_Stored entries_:
--- --- ---

lemma is_tail_period_k_of_l_of:
  fixes f :: "'a \<Rightarrow> 'a"
  assumes "finite F" "\<forall>x\<in>F. f x \<in> F" "a \<in> F"
  shows "is_tail_period f a (k_of f a) (l_of f a)"
proof -
  obtain k l where "l \<ge> 1" "(f ^^ k) a = (f ^^ (k + l)) a"
    using funpow_cycle_exists_le_card[OF assms] by blast
  then show ?thesis by (rule is_tail_period_tail_period)
qed

lemma inj_on_funpow_tail_period:
  assumes "is_tail_period f a k l"
  shows "inj_on (\<lambda>i. (f ^^ i) a) {..<k + l}"
proof -
  have "(f ^^ i) a \<noteq> (f ^^ j) a" if "i < j" "j < k + l" for i j
  proof
    assume "(f ^^ i) a = (f ^^ j) a"
    then have "(f ^^ i) a = (f ^^ (i + (j - i))) a" using \<open>i < j\<close> by simp
    moreover have "j - i \<ge> 1" using \<open>i < j\<close> by simp
    ultimately have "k \<le> i" "l dvd j - i"
      using is_tail_period_iff[OF assms] by blast+
    moreover have "j - i < l" using \<open>k \<le> i\<close> \<open>i < j\<close> \<open>j < k + l\<close> by linarith
    ultimately show False using nat_dvd_not_less[of "j - i" l] \<open>i < j\<close> by simp
  qed
  then show ?thesis
    by (intro inj_onI) (metis lessThan_iff linorder_neqE_nat)
qed

lemma is_tail_period_meet_eq:
  fixes f :: "'a \<Rightarrow> 'a"
  assumes A: "is_tail_period f a ka la" and B: "is_tail_period f b kb lb"
    and meet: "(f ^^ i) a = (f ^^ j) b" and "kb \<le> j"
  shows "la = lb"
proof -
  have cycle_iff: "(f ^^ i) a = (f ^^ (i + m)) a \<longleftrightarrow> (f ^^ j) b = (f ^^ (j + m)) b" for m
    using meet by (metis add.commute funpow_add_apply)
  have "(f ^^ j) b = (f ^^ (j + lb)) b"
    using is_tail_period_iff[OF B is_tail_period_ge_1[OF B]] \<open>kb \<le> j\<close> by simp
  then have "ka \<le> i \<and> la dvd lb"
    using cycle_iff is_tail_period_iff[OF A is_tail_period_ge_1[OF B]] by blast
  then have "(f ^^ j) b = (f ^^ (j + la)) b"
    using cycle_iff[of la] is_tail_period_iff[OF A is_tail_period_ge_1[OF A], of i] by simp
  then have "lb dvd la"
    using is_tail_period_iff[OF B is_tail_period_ge_1[OF A]] by blast
  with \<open>ka \<le> i \<and> la dvd lb\<close> show ?thesis by (auto intro: dvd_antisym)
qed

--- --- ---

_Task item_: For each line above that contains the word "intro", give the line as it is written.

_Result of the exercise_:
    by (intro inj_onI) (metis lessThan_iff linorder_neqE_nat)
  with \<open>ka \<le> i \<and> la dvd lb\<close> show ?thesis by (auto intro: dvd_antisym)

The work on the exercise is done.